Verifying how specific conditions in the three canyon sections impose on the

benthic food web requires an analysis of the trophic structure of the complete benthic

food web. The quantification of complete food webs is however a data-demanding

effort and canyon data sets are typically incomplete and limited in scope. To

overcome these limitations and maximize the amount of information gained from the

available data, so-called linear inverse models (LIM) have been developed. LIM

allow quantifying biological interactions in a complex food web from an incomplete

and uncertain data set such as encountered in the deep-sea (Soetaert and Van Oevelen,

2009).
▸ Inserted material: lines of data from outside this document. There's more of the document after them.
lemma elasticity_strict_decreasing:
  assumes "0 < a" "0 < t" "t < t'"
  shows "elasticity a t' < elasticity a t"
proof -
  define r where "r u = (1 + u) * ln (1 + u) / u" for u :: real
  have ela: "elasticity a s = a / r (s powr a)" if "0 < s" for s
    using that unfolding elasticity_def r_def by simp
  have "r (t powr a) < r (t' powr a)"
    unfolding r_def using assms by (intro ln1p_ratio_strict_mono powr_less_mono2) auto
  moreover have "0 < r (t powr a)"
    unfolding r_def using assms by (simp add: ln_one_plus_pos add_pos_pos)
  ultimately show ?thesis
    using assms by (simp add: ela divide_strict_left_mono)
qed

lemma elasticity_bounds:
  assumes "0 < a" "0 < t"
  shows "a / (1 + t powr a) \<le> elasticity a t"
    and "elasticity a t < a"
    and "elasticity a t \<le> a / ln (1 + t powr a)"
proof -
  define u where "u = t powr a"
  have u: "0 < u" "0 < ln (1 + u)" "ln (1 + u) \<le> u" "u / (1 + u) < ln (1 + u)"
    using assms ln_add1_gt[of u] ln_add_one_self_le_self[of u]
    by (simp_all add: u_def ln_one_plus_pos add.commute)
  have ela: "elasticity a t = a * (u / ((1 + u) * ln (1 + u)))"
    unfolding elasticity_def u_def by simp
  have "1 / (1 + u) = u / ((1 + u) * u)"
    using u by simp
  also have "\<dots> \<le> u / ((1 + u) * ln (1 + u))"
    using u by (intro divide_left_mono mult_left_mono mult_pos_pos) auto
  finally have lower: "1 / (1 + u) \<le> u / ((1 + u) * ln (1 + u))" .
  show "a / (1 + t powr a) \<le> elasticity a t"
    using mult_left_mono[OF lower, of a] assms by (simp add: ela u_def[symmetric])
  have below_one: "u / ((1 + u) * ln (1 + u)) < 1"
    using u by (simp add: field_simps)
  show "elasticity a t < a"
    using mult_strict_left_mono[OF below_one, of a] assms by (simp add: ela)
  have upper: "u / ((1 + u) * ln (1 + u)) \<le> 1 / ln (1 + u)"
    using u by (simp add: field_simps)
  show "elasticity a t \<le> a / ln (1 + t powr a)"
    using mult_left_mono[OF upper, of a] assms by (simp add: ela u_def[symmetric])
qed

section \<open>Log-concavity of the payoff\<close>

lemma strictly_below_tangent:
  fixes f f' :: "real \<Rightarrow> real"
  assumes deriv: "\<And>y. (f has_real_derivative f' y) (at y)"
    and decr: "\<And>y z. y < z \<Longrightarrow> f' z < f' y"
    and "y \<noteq> y0"
  shows "f y < f y0 + f' y0 * (y - y0)"
proof (cases "y0 < y")
  case True
  then obtain z where "y0 < z" "f y - f y0 = (y - y0) * f' z"
    using MVT2[OF True] deriv by blast
  moreover have "(y - y0) * f' z < (y - y0) * f' y0"
    using decr[OF \<open>y0 < z\<close>] True by simp
  ultimately show ?thesis by (simp add: algebra_simps)
next
  case False
  then have "y < y0" using \<open>y \<noteq> y0\<close> by simp
  then obtain z where "z < y0" "f y0 - f y = (y0 - y) * f' z"
    using MVT2[of y y0 f f'] deriv by blast
  moreover have "(y0 - y) * f' y0 < (y0 - y) * f' z"
    using decr[OF \<open>z < y0\<close>] \<open>y < y0\<close> by simp
  ultimately show ?thesis by (simp add: algebra_simps)
qed
lemma tangent_gap_le_chord:
  fixes f :: "real \<Rightarrow> real"
  assumes deriv: "(f has_real_derivative f') (at_right 0)"
    and chord: "\<And>s. 0 < s \<Longrightarrow> s < 1 \<Longrightarrow> f s \<le> (1 - s) * f 0 + s * f 1 - \<kappa> * s * (1 - s)"
  shows "f 0 + f' + \<kappa> \<le> f 1"
proof -
  have quotient: "((\<lambda>s. (f s - f 0) / (s - 0)) \<longlongrightarrow> f') (at_right 0)"
    using deriv by (simp add: has_field_derivative_iff)
  have bound: "((\<lambda>s. f 1 - f 0 - \<kappa> * (1 - s)) \<longlongrightarrow> f 1 - f 0 - \<kappa> * (1 - 0)) (at_right 0)"
    by (intro tendsto_intros)
  have "\<forall>\<^sub>F s in at_right 0. (f s - f 0) / (s - 0) \<le> f 1 - f 0 - \<kappa> * (1 - s)"
  proof (rule eventually_at_rightI[of 0 1])
    fix s :: real
    assume "s \<in> {0<..<1}"
    then have s: "0 < s" "s < 1" by auto
    then have "f s - f 0 \<le> (f 1 - f 0 - \<kappa> * (1 - s)) * s"
      using chord[of s] by (simp add: algebra_simps)
    then show "(f s - f 0) / (s - 0) \<le> f 1 - f 0 - \<kappa> * (1 - s)"
      using s by (simp add: pos_divide_le_eq)
  qed simp
  then have "f' \<le> f 1 - f 0 - \<kappa> * (1 - 0)"
    using tendsto_le[OF trivial_limit_at_right_real bound quotient] by blast
  then show ?thesis by simp
qed

lemma strongly_convex_antimono:
  fixes R :: "'a::real_inner \<Rightarrow> real"
  assumes "strongly_convex R \<sigma>" "\<sigma>' \<le> \<sigma>"
  shows "strongly_convex R \<sigma>'"
  unfolding strongly_convex_def
proof (intro allI impI)
  fix x y :: 'a and t :: real
  assume t: "0 \<le> t \<and> t \<le> 1"
  have "\<sigma>' / 2 * t * (1 - t) * (norm (x - y))\<^sup>2 \<le> \<sigma> / 2 * t * (1 - t) * (norm (x - y))\<^sup>2"
    using t assms(2) by (intro mult_right_mono) auto
  then show "R (t *\<^sub>R x + (1 - t) *\<^sub>R y)
      \<le> t * R x + (1 - t) * R y - \<sigma>' / 2 * t * (1 - t) * (norm (x - y))\<^sup>2"
    using assms(1) t unfolding strongly_convex_def by (smt (verit))
qed

lemma strongly_convex_scale_shift:
  fixes R :: "'a::real_inner \<Rightarrow> real"
  assumes "strongly_convex R \<sigma>" "0 \<le> lam"
  shows "strongly_convex (\<lambda>x. lam * R x + c) (lam * \<sigma>)"
  unfolding strongly_convex_def
proof (intro allI impI)
  fix x y :: 'a and t :: real
  assume t: "0 \<le> t \<and> t \<le> 1"
  have "lam * R (t *\<^sub>R x + (1 - t) *\<^sub>R y)
      \<le> lam * (t * R x + (1 - t) * R y - \<sigma> / 2 * t * (1 - t) * (norm (x - y))\<^sup>2)"
    using assms t unfolding strongly_convex_def by (intro mult_left_mono) auto
  then show "lam * R (t *\<^sub>R x + (1 - t) *\<^sub>R y) + c
      \<le> t * (lam * R x + c) + (1 - t) * (lam * R y + c) - lam * \<sigma> / 2 * t * (1 - t) * (norm (x - y))\<^sup>2"
    by (simp add: algebra_simps)
qed
lemma weighted_mean_W4_lipschitz:
  fixes w :: "'a::euclidean_space \<Rightarrow> real"
  assumes "bounded G" "G \<noteq> {}" "Lw-lipschitz_on (closure G) w"
    and "0 < m" "\<And>x. x \<in> closure G \<Longrightarrow> m \<le> w x"
  shows "\<exists>C\<ge>0. \<forall>\<mu>\<in>Pbar G. \<forall>\<nu>\<in>Pbar G.
    norm ((1 / (\<integral>x. w x \<partial>\<mu>)) *\<^sub>R (\<integral>x. w x *\<^sub>R x \<partial>\<mu>)
        - (1 / (\<integral>x. w x \<partial>\<nu>)) *\<^sub>R (\<integral>x. w x *\<^sub>R x \<partial>\<nu>)) \<le> C * W4 \<mu> \<nu>"
proof -
  have K: "compact (closure G)"
    using assms(1) by simp
  obtain B where B: "\<And>x. x \<in> closure G \<Longrightarrow> \<bar>w x\<bar> \<le> B"
    using compact_imp_bounded[OF compact_continuous_image[OF
          lipschitz_on_continuous_on[OF assms(3)] K]]
    by (auto simp: bounded_iff)
  obtain R where R: "\<And>x. x \<in> closure G \<Longrightarrow> norm x \<le> R"
    using compact_imp_bounded[OF K] by (auto simp: bounded_iff)
  have "0 \<le> B" "0 \<le> R"
    using B R assms(2) closure_subset
    by (meson abs_ge_zero all_not_in_conv norm_ge_zero order_trans subsetD)+
  then have "0 \<le> (Lw * R + B) / m + B * R * Lw / m\<^sup>2"
    using \<open>0 < m\<close> lipschitz_on_nonneg[OF assms(3)] by simp
  then show ?thesis
    using weighted_mean_diff_le_W4[OF assms(1,2) _ _ assms(3-5) B R] by blast
qed

lemma Xbar_W4_lipschitz:
  fixes f :: "'a::euclidean_space \<Rightarrow> real"
  assumes "bounded G" "G \<noteq> {}" "Lf-lipschitz_on (closure G) f"
    and "\<And>x. x \<in> closure G \<Longrightarrow> 0 \<le> f x" "0 \<le> \<alpha>"
  shows "\<exists>C\<ge>0. \<forall>\<mu>\<in>Pbar G. \<forall>\<nu>\<in>Pbar G. norm (Xbar \<alpha> f \<mu> - Xbar \<alpha> f \<nu>) \<le> C * W4 \<mu> \<nu>"
proof -
  have "bounded (f ` closure G)"
    using assms(1) by (intro compact_imp_bounded compact_continuous_image
        lipschitz_on_continuous_on[OF assms(3)]) simp
  then obtain M where "\<And>y. y \<in> f ` closure G \<Longrightarrow> \<bar>y\<bar> \<le> M"
    by (auto simp: bounded_real)
  then have M: "\<And>x. x \<in> closure G \<Longrightarrow> f x \<le> M"
    by (force dest: abs_le_D1)
  have exponent_lipschitz: "(\<alpha> * Lf)-lipschitz_on (closure G) (\<lambda>x. - \<alpha> * f x)"
    using lipschitz_on_cmult_real[OF assms(3), of "- \<alpha>"] assms(5) by simp
  have weight_lipschitz: "(1 * (\<alpha> * Lf))-lipschitz_on (closure G) (\<lambda>x. exp (- \<alpha> * f x))"
    using assms(4,5) by (intro lipschitz_on_compose2[OF exponent_lipschitz]
        lipschitz_on_subset[OF lipschitz_on_exp_nonpos]) (auto simp: mult_nonneg_nonneg)
  have weight_lower: "exp (- \<alpha> * M) \<le> exp (- \<alpha> * f x)" if "x \<in> closure G" for x
    using M[OF that] assms(5) by (simp add: mult_left_mono)
  show ?thesis
    unfolding Xbar_def
    by (rule weighted_mean_W4_lipschitz[OF assms(1,2) weight_lipschitz exp_gt_zero weight_lower])
qed
lemma uniform_limit_Fn_cov_cov_fun:
  fixes F :: "real \<Rightarrow> real \<Rightarrow> 'w \<Rightarrow> real"
  assumes Z_sq: "\<And>i j. 1 \<le> i \<Longrightarrow> 1 \<le> j \<Longrightarrow> Z i j \<in> square_integrable M"
    and Z_cov: "\<And>i j i' j'. 1 \<le> i \<Longrightarrow> 1 \<le> j \<Longrightarrow> 1 \<le> i' \<Longrightarrow> 1 \<le> j' \<Longrightarrow>
       (\<integral>\<omega>. Z i j \<omega> * Z i' j' \<omega> \<partial>M) = (if i = i' \<and> j = j' then 1 else 0)"
    and F_sq: "\<And>x y. x \<in> X \<Longrightarrow> y \<in> Y \<Longrightarrow> F x y \<in> square_integrable M"
    and bounded: "\<And>n. \<exists>B. \<forall>p\<in>X \<times> Y. Fn_cov g h n p p \<le> B"
    and conv: "(\<exists>n. \<forall>x\<in>X. \<forall>y\<in>Y. AE \<omega> in M. F x y \<omega> = Fn Z g h n x y \<omega>)
       \<or> (\<forall>e>0. \<exists>N. \<forall>n\<ge>N. \<forall>x\<in>X. \<forall>y\<in>Y. (\<integral>\<omega>. (Fn Z g h n x y \<omega> - F x y \<omega>)\<^sup>2 \<partial>M) \<le> e)"
  shows "\<exists>m. uniform_limit ((X \<times> Y) \<times> (X \<times> Y)) (\<lambda>n (p, q). Fn_cov g h (m n) p q)
           (\<lambda>(p, q). cov_fun M F p q) sequentially"
  using conv
proof (elim disjE exE)
  fix n assume AE_eq: "\<forall>x\<in>X. \<forall>y\<in>Y. AE \<omega> in M. F x y \<omega> = Fn Z g h n x y \<omega>"
  have eq: "cov_fun M F p q = Fn_cov g h n p q" if "p \<in> X \<times> Y" "q \<in> X \<times> Y" for p q
    using that AE_eq
    by (cases p, cases q) (auto intro!: cov_fun_eq_Fn_cov[OF Z_sq Z_cov] square_integrableD(1)[OF F_sq])
  have "uniform_limit ((X \<times> Y) \<times> (X \<times> Y)) (\<lambda>_ (p, q). Fn_cov g h n p q)
      (\<lambda>(p, q). cov_fun M F p q) sequentially"
    by (intro uniform_limitI always_eventually) (auto simp: eq)
  then show ?thesis by (intro exI[of _ "\<lambda>_. n"])
next
  assume lim: "\<forall>e>0. \<exists>N. \<forall>n\<ge>N. \<forall>x\<in>X. \<forall>y\<in>Y. (\<integral>\<omega>. (Fn Z g h n x y \<omega> - F x y \<omega>)\<^sup>2 \<partial>M) \<le> e"
  have Fn_int: "(\<integral>\<omega>. Fn Z g h n (fst p) (snd p) \<omega> * Fn Z g h n (fst q) (snd q) \<omega> \<partial>M) = Fn_cov g h n p q"
    for n p q
    using has_bochner_integral_integral_eq[OF has_bochner_integral_Fn_mult[OF Z_sq Z_cov]] by simp
  have "uniform_limit ((X \<times> Y) \<times> (X \<times> Y))
      (\<lambda>n (p, q). \<integral>\<omega>. Fn Z g h n (fst p) (snd p) \<omega> * Fn Z g h n (fst q) (snd q) \<omega> \<partial>M)
      (\<lambda>(p, q). \<integral>\<omega>. F (fst p) (snd p) \<omega> * F (fst q) (snd q) \<omega> \<partial>M) sequentially"
  proof (rule uniform_limit_integral_mult)
    show "F (fst p) (snd p) \<in> square_integrable M" if "p \<in> X \<times> Y" for p
      using that by (intro F_sq) auto
    show "Fn Z g h n (fst p) (snd p) \<in> square_integrable M" for n p
      by (rule Fn_square_integrable[OF Z_sq Z_cov])
    show "\<exists>B. \<forall>p\<in>X \<times> Y. (\<integral>\<omega>. (Fn Z g h n (fst p) (snd p) \<omega>)\<^sup>2 \<partial>M) \<le> B" for n
      using bounded[of n] by (simp add: power2_eq_square Fn_int)
    show "\<forall>\<^sub>F n in sequentially. \<forall>p\<in>X \<times> Y.
        (\<integral>\<omega>. (Fn Z g h n (fst p) (snd p) \<omega> - F (fst p) (snd p) \<omega>)\<^sup>2 \<partial>M) \<le> e" if "e > 0" for e
      using lim that by (auto simp: eventually_sequentially)
  qed
  then have "uniform_limit ((X \<times> Y) \<times> (X \<times> Y)) (\<lambda>n (p, q). Fn_cov g h n p q)
      (\<lambda>(p, q). cov_fun M F p q) sequentially"
    by (simp add: Fn_int cov_fun_def)
  then show ?thesis by (intro exI[of _ id]) simp
qed


theorem proposition1:
  fixes M :: "'w measure"
    and a b c d :: real
    and Z :: "nat \<Rightarrow> nat \<Rightarrow> 'w \<Rightarrow> real"
    and g h :: "nat \<Rightarrow> real \<Rightarrow> real"
    and F :: "real \<Rightarrow> real \<Rightarrow> 'w \<Rightarrow> real"
  assumes M: "prob_space M"
    and Z_meas: "\<And>i j. i \<ge> 1 \<Longrightarrow> j \<ge> 1 \<Longrightarrow> Z i j \<in> borel_measurable M"
    and Z_sq: "\<And>i j. i \<ge> 1 \<Longrightarrow> j \<ge> 1 \<Longrightarrow> integrable M (\<lambda>\<omega>. (Z i j \<omega>)\<^sup>2)"
    and Z_mean: "\<And>i j. i \<ge> 1 \<Longrightarrow> j \<ge> 1 \<Longrightarrow> integral\<^sup>L M (Z i j) = 0"
    and Z_cov: "\<And>i j i' j'. i \<ge> 1 \<Longrightarrow> j \<ge> 1 \<Longrightarrow> i' \<ge> 1 \<Longrightarrow> j' \<ge> 1 \<Longrightarrow>
       integral\<^sup>L M (\<lambda>\<omega>. Z i j \<omega> * Z i' j' \<omega>) = (if i = i' \<and> j = j' then 1 else 0)"
    and g_cont: "\<And>i. i \<ge> 1 \<Longrightarrow> continuous_on {a..b} (g i)"
    and h_cont: "\<And>j. j \<ge> 1 \<Longrightarrow> continuous_on {c..d} (h j)"
    and F_meas: "\<And>x y. x \<in> {a..b} \<Longrightarrow> y \<in> {c..d} \<Longrightarrow> F x y \<in> borel_measurable M"
    and F_sq: "\<And>x y. x \<in> {a..b} \<Longrightarrow> y \<in> {c..d} \<Longrightarrow> integrable M (\<lambda>\<omega>. (F x y \<omega>)\<^sup>2)"
    and F_mean: "\<And>x y. x \<in> {a..b} \<Longrightarrow> y \<in> {c..d} \<Longrightarrow> integral\<^sup>L M (F x y) = 0"
    and conv: "(\<exists>n. \<forall>x\<in>{a..b}. \<forall>y\<in>{c..d}. AE \<omega> in M. F x y \<omega> = Fn Z g h n x y \<omega>)
       \<or> (\<forall>e>0. \<exists>N. \<forall>n\<ge>N. \<forall>x\<in>{a..b}. \<forall>y\<in>{c..d}.
            integral\<^sup>L M (\<lambda>\<omega>. (Fn Z g h n x y \<omega> - F x y \<omega>)\<^sup>2) \<le> e)"
  shows "separable_cov_on {a..b} {c..d} (cov_fun M F)
       \<and> continuous_on (({a..b} \<times> {c..d}) \<times> ({a..b} \<times> {c..d})) (\<lambda>(p, q). cov_fun M F p q)"
proof -
  have Z_L2: "\<And>i j. 1 \<le> i \<Longrightarrow> 1 \<le> j \<Longrightarrow> Z i j \<in> square_integrable M"
    using Z_meas Z_sq by (simp add: square_integrableI)
  have F_L2: "\<And>x y. x \<in> {a..b} \<Longrightarrow> y \<in> {c..d} \<Longrightarrow> F x y \<in> square_integrable M"
    using F_meas F_sq by (simp add: square_integrableI)
  obtain m where lim: "uniform_limit (({a..b} \<times> {c..d}) \<times> ({a..b} \<times> {c..d}))
      (\<lambda>n (p, q). Fn_cov g h (m n) p q) (\<lambda>(p, q). cov_fun M F p q) sequentially"
    using uniform_limit_Fn_cov_cov_fun[OF Z_L2 Z_cov F_L2
        Fn_cov_diag_bounded[OF compact_Icc compact_Icc g_cont h_cont] conv]
    by blast
  have "continuous_on (({a..b} \<times> {c..d}) \<times> ({a..b} \<times> {c..d})) (\<lambda>(p, q). cov_fun M F p q)"
    using continuous_on_Fn_cov[OF g_cont h_cont]
    by (intro uniform_limit_theorem[OF always_eventually lim]) simp_all
  moreover have "factorization_identity_on {a..b} {c..d} (cov_fun M F)"
  proof (rule factorization_identity_on_limit[OF factorization_identity_on_Fn_cov])
    show "(\<lambda>n. Fn_cov g h (m n) p q) \<longlonglongrightarrow> cov_fun M F p q"
      if "p \<in> {a..b} \<times> {c..d}" "q \<in> {a..b} \<times> {c..d}" for p q
      using tendsto_uniform_limitI[OF lim, of "(p, q)"] that by simp
  qed
  moreover have "sym_on ({a..b} \<times> {c..d}) (cov_fun M F)"
    by (simp add: sym_on_def cov_fun_def mult.commute)
  moreover have "nonneg_def_on ({a..b} \<times> {c..d}) (cov_fun M F)"
    unfolding cov_fun_def by (rule nonneg_def_on_integral_mult) (auto intro: F_L2)
  ultimately show ?thesis
    by (simp add: separable_cov_on_if_factorization_identity)
qed

end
For example, Van Oevelen et al. (2009) using linear inverse modeling to

quantify the interactions in the complex food web of a cold-water coral community at

Rockall Bank and provided evidence that coral communities are hot-spots of biomass

and carbon cycling along continental margins.

Here we develop linear inverse models (LIM) to quantify carbon flows in the

complex food webs characterizing upper, middle and lower sections of the Nazaré

canyon. The observed food web structures and selected network indices are examined

as a function of the characteristics of the respective canyon section.

Methods

2.1 Nazaré canyon characteristics

The Nazaré canyon, one of the largest submarine canyons in Europe, intersects

the Portuguese continental shelf and has been intensively studied in the framework of

different European projects such as OMEX-II, EUROSTRATAFORM and HERMES.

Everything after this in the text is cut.